Exercise description – Take the lines below between the one holding "using CHAR_dvd_CARD[where 'a='a]" and the one holding "using assms(1,3) by", inclusive, and copy them exactly. Add nothing.

Exercise materials –

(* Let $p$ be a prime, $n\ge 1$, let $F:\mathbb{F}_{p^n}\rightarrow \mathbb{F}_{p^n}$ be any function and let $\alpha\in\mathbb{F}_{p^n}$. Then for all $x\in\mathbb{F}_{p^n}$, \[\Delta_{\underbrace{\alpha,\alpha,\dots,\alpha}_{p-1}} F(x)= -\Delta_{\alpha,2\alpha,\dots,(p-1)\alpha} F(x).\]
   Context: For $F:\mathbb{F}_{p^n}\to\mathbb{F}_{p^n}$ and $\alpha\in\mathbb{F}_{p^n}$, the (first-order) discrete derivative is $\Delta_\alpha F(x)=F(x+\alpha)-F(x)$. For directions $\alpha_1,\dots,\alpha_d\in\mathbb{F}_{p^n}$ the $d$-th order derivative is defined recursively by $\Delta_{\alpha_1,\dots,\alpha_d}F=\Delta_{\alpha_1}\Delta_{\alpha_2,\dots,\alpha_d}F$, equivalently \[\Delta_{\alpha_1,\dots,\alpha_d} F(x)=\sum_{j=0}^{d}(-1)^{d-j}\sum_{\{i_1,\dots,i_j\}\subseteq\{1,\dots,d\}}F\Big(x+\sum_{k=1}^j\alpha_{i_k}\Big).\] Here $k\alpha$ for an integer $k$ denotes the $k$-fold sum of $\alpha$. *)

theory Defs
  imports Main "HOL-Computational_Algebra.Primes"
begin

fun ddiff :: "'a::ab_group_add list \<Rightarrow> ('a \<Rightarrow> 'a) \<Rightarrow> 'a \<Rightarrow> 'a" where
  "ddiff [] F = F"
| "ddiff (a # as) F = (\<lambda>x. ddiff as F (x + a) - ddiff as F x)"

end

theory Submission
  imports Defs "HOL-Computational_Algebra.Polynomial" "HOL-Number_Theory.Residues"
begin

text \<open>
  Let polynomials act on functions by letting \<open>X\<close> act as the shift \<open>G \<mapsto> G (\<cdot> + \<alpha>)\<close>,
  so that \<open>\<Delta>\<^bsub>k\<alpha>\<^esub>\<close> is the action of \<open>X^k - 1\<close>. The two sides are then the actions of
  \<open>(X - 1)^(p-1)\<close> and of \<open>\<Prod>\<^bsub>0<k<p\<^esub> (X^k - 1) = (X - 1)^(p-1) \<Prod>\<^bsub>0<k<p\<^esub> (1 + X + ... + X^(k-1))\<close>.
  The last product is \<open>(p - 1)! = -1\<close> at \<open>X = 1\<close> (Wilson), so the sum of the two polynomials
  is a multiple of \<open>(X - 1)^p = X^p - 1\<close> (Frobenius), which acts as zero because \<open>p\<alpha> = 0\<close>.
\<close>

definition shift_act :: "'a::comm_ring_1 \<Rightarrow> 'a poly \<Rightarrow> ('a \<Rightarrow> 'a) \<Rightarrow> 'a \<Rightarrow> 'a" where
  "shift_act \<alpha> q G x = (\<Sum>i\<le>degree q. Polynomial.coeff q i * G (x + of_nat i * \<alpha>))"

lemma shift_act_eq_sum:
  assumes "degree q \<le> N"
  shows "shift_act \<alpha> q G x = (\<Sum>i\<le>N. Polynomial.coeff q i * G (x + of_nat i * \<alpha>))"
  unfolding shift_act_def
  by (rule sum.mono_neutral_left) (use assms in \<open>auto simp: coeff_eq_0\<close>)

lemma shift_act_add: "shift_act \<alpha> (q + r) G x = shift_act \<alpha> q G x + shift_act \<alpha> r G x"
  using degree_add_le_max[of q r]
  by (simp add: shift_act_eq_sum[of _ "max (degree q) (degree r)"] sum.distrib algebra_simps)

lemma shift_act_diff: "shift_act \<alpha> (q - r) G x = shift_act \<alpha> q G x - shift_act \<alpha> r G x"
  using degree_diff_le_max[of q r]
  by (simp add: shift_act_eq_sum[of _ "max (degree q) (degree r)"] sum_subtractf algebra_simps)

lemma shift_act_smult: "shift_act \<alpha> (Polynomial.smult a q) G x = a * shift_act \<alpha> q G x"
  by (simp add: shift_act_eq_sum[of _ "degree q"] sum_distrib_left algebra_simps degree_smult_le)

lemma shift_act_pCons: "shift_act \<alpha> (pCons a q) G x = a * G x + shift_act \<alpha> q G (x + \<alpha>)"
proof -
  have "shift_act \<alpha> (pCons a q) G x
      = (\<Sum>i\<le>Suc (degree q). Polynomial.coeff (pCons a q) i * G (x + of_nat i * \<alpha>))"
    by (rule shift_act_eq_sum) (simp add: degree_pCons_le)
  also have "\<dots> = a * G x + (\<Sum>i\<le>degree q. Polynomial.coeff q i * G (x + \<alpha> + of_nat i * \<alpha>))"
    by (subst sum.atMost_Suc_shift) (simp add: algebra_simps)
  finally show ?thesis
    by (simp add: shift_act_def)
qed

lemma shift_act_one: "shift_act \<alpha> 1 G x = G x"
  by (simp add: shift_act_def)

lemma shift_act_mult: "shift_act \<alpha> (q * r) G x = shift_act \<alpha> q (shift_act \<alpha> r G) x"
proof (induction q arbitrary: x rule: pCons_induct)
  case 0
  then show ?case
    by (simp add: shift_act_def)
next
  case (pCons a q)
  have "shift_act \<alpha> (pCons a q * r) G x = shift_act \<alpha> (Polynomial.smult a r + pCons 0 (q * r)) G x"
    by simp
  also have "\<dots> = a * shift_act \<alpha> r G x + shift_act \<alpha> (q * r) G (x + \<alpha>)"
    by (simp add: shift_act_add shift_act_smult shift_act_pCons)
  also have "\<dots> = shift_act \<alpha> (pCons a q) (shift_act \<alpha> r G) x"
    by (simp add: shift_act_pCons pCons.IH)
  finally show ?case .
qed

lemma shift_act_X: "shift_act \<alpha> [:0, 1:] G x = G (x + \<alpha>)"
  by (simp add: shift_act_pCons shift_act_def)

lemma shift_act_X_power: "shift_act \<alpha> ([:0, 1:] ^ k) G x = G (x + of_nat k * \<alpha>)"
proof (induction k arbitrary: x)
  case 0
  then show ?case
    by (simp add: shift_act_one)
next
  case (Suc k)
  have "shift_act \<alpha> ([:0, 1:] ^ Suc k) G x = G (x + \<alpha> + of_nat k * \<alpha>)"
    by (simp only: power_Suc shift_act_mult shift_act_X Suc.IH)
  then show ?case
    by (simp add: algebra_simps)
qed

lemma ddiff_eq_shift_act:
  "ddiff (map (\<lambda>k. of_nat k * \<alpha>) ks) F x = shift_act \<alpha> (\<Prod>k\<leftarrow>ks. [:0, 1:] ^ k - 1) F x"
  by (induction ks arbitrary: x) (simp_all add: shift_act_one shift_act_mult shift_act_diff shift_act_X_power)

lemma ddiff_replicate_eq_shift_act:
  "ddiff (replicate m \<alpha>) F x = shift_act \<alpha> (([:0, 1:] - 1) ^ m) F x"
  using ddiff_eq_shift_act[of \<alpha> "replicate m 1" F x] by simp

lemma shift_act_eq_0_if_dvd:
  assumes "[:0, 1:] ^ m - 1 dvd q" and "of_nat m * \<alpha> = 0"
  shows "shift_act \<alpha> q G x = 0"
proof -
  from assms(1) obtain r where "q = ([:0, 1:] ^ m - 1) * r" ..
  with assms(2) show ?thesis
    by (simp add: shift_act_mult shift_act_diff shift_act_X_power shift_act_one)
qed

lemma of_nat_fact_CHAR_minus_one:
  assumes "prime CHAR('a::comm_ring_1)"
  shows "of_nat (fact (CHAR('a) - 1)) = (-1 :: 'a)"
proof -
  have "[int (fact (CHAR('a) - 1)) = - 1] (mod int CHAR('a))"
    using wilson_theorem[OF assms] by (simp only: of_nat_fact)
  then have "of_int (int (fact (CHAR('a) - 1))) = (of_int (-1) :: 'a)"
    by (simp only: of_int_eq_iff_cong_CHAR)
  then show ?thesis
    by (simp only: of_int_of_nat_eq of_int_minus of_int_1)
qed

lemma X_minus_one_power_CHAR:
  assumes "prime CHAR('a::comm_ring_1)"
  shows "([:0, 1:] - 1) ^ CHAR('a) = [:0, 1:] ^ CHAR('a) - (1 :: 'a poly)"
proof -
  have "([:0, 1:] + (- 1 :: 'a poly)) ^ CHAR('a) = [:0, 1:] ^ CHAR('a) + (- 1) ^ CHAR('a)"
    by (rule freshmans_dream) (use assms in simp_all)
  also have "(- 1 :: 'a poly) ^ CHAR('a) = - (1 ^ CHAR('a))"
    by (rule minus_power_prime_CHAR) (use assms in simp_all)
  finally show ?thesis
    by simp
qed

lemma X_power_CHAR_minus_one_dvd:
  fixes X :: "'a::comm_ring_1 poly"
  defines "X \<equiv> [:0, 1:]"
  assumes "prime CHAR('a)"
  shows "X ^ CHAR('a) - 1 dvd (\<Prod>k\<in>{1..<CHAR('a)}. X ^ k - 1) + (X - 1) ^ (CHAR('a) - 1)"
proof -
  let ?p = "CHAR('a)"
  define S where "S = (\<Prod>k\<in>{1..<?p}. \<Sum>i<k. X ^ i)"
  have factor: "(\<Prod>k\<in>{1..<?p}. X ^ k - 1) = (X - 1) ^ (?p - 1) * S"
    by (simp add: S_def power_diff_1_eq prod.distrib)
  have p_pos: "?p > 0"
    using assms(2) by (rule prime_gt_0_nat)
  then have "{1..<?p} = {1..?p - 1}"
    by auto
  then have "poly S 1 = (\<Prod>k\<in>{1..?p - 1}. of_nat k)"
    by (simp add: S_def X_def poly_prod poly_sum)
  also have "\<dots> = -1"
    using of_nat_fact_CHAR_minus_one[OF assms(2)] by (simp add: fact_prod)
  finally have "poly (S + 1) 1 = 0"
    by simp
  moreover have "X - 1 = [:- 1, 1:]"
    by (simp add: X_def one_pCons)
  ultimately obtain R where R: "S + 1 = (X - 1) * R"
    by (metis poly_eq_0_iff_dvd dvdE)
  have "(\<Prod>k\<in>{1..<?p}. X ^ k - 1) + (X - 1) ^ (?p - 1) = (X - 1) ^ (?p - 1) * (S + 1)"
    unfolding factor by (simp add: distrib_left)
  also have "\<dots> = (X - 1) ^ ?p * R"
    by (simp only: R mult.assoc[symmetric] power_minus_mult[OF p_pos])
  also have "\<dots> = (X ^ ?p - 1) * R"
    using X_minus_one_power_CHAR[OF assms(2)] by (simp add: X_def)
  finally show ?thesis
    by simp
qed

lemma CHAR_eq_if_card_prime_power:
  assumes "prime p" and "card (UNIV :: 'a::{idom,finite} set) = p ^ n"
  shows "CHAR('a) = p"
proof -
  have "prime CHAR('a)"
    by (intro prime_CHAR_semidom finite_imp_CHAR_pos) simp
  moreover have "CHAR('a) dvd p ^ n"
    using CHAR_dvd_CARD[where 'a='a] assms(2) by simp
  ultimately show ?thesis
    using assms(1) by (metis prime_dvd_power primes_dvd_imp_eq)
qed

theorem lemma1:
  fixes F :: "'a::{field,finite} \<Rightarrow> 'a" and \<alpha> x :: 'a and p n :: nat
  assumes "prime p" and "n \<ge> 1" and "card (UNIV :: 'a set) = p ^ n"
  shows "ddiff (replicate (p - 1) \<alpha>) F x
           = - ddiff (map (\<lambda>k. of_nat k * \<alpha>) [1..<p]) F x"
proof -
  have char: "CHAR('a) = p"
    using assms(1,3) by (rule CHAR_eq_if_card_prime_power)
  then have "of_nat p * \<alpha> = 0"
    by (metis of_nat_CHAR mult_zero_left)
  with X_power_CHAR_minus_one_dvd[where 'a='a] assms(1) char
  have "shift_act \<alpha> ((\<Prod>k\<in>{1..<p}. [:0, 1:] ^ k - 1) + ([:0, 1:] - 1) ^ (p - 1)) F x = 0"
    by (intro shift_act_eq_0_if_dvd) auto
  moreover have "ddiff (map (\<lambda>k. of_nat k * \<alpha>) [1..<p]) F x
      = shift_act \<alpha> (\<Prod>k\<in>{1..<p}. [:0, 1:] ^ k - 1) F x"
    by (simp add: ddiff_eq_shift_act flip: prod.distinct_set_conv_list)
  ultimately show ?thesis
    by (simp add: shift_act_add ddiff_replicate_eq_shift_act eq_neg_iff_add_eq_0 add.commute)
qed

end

...

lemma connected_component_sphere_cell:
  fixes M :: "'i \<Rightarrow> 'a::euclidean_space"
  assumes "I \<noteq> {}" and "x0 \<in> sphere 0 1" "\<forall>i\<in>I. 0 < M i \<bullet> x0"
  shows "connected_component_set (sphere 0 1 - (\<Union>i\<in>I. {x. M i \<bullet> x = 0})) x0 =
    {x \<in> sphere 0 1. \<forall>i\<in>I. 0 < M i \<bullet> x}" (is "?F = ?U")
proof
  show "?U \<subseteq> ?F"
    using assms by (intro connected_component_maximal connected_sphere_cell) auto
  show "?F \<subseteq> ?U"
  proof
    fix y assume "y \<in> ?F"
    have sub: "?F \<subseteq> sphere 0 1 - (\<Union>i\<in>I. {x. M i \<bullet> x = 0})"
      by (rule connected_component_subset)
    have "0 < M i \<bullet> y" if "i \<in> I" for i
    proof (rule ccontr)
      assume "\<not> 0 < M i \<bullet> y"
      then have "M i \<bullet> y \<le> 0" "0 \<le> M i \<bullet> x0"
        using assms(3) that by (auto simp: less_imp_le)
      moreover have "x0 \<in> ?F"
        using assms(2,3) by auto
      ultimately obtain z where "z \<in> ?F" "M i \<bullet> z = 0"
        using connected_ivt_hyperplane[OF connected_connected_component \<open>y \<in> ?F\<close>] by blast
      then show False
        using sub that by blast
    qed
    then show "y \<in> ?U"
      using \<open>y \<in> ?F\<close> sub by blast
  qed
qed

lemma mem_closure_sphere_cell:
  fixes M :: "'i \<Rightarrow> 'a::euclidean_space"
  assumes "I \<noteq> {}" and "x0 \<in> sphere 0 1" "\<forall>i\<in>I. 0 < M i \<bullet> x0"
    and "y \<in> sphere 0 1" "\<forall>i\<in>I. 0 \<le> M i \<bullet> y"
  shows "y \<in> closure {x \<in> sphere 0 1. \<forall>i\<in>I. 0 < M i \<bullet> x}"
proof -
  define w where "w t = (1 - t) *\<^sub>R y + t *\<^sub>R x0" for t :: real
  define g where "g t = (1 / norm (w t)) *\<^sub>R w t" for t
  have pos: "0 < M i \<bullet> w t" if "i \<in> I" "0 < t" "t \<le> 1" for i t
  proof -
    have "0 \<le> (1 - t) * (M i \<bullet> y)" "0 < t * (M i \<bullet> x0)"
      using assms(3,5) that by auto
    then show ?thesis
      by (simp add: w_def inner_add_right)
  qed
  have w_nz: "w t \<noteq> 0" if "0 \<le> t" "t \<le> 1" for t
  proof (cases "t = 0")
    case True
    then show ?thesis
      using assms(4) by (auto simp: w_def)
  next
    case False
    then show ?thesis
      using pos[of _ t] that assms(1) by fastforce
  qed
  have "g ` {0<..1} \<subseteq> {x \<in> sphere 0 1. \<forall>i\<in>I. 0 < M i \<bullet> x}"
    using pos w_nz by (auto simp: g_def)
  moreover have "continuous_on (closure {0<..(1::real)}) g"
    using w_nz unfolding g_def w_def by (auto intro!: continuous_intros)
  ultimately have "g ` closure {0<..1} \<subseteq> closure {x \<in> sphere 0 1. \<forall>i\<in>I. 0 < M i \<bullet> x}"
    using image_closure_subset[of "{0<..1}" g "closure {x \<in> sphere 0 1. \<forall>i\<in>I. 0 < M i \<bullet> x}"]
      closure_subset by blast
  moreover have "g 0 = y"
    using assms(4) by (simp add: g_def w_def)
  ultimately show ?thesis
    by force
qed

Result –
    using CHAR_dvd_CARD[where 'a='a] assms(2) by simp
  ultimately show ?thesis
    using assms(1) by (metis prime_dvd_power primes_dvd_imp_eq)
qed

theorem lemma1:
  fixes F :: "'a::{field,finite} \<Rightarrow> 'a" and \<alpha> x :: 'a and p n :: nat
  assumes "prime p" and "n \<ge> 1" and "card (UNIV :: 'a set) = p ^ n"
  shows "ddiff (replicate (p - 1) \<alpha>) F x
           = - ddiff (map (\<lambda>k. of_nat k * \<alpha>) [1..<p]) F x"
proof -
  have char: "CHAR('a) = p"
    using assms(1,3) by (rule CHAR_eq_if_card_prime_power)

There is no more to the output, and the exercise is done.